Jennifer Lewis Biography

Jennifer A. Lewis joined the faculty of the materials science and engineering department at the University of Illinois at Urbana-Champaign in 1990 where she is currently appointed as the Hans Thurnauer Professor of Materials Science and Engineering and serves as the director of the Frederick Seitz Materials Research Laboratory. In 2013, she will join the faculty of the School of Engineering and Applied Sciences and the Wyss Institute for Biologically Inspired Engineering at Harvard University. Her research group has made pioneering contributions to the directed assembly of soft functional materials. To date, her work has resulted in over 120 peer-reviewed papers and eight patents. She has served on the editorial advisory boards of Langmuir and Soft Matter and as an associate editor for the Journal of the American Ceramic Society. Lewis is the recipient of the NSF Presidential Faculty Fellow Award (1994), the Brunaeur Award from the American Ceramic Society (2003) and the Langmuir Lecture Award from the American Chemical Society (2009). In addition, she is a fellow of the American Ceramic Society (2005), the American Physical Society (2007), the Materials Research Society (2011) and the American Academy of Arts and Sciences (2012).

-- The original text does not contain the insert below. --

(* $\mathrm{CH}_1=\mathrm{CH}^{\varepsilon}_1$: a language is recognised by a history-deterministic $1$-VASS without $\varepsilon$-transitions under coverability acceptance if and only if it is recognised by a history-deterministic $1$-VASS with $\varepsilon$-transitions under coverability acceptance.
   Context: Fix a finite alphabet $\Sigma$. A $k$-VASS with $\varepsilon$-transitions is a tuple $(Q,q_0,F,\delta)$ with $Q$ a finite set of states, $q_0\in Q$ initial, $F\subseteq Q$ accepting, and $\delta\subseteq Q\times(\Sigma\cup\{\varepsilon\})\times\mathbb{Z}^k\times Q$ finite. A run is a sequence of transitions $(p_{i-1},\ell_i,d_i,p_i)$ with $p_0=q_0$ such that the counter vectors $v_0=\vec 0$, $v_i=v_{i-1}+d_i$ all lie in $\mathbb{N}^k$; it is a run on the word obtained by concatenating the labels $\ell_i$ (with $\varepsilon$ the empty word). Under coverability acceptance a run is accepting if its last state is in $F$; the language is the set of words having an accepting run. A VASS without $\varepsilon$-transitions is one with $\delta\subseteq Q\times\Sigma\times\mathbb{Z}^k\times Q$. A VASS (possibly with $\varepsilon$-transitions) is history-deterministic if there is a resolver which, given the run prefix built so far and the next input letter $a$, chooses a finite sequence of $\varepsilon$-transitions followed by one transition labelled $a$, and which at the end of the input chooses a final finite sequence of $\varepsilon$-transitions, such that for every word $w$ in the language the sequence of transitions so produced on $w$ is a run (counters stay nonnegative) and is accepting. (Without $\varepsilon$-transitions this is a function choosing one transition labelled $a$ at each step.) $\mathrm{CH}_1$ denotes the class of languages recognised by history-deterministic $1$-VASS without $\varepsilon$-transitions under coverability acceptance, and $\mathrm{CH}^{\varepsilon}_1$ the class recognised by history-deterministic $1$-VASS with $\varepsilon$-transitions under coverability acceptance. *)

theory Defs
  imports Main
begin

Talk Presentation: Printing Functional Materials

The ability to pattern functional materials in planar and three-dimensional forms is of critical importance for several emerging applications, including flexible electronics and photovoltaics, lightweight structural materials and tissue engineering scaffolds. Direct-write assembly enables one to rapidly design and fabricate materials in arbitrary forms without the need for expensive tooling, dies or lithographic masks. Recent advances in the direct-write assembly of viscoelastic inks will be highlighted, including pen-on-paper electronics, electrodes for flexible photovoltaics and conformal 3D antennas, printed origami metallic and ceramic structures and 3D hydrogel scaffolds and microvascular architectures for tissue engineering. Ongoing efforts to enable high-throughput printing of large-scale architectures will also be described.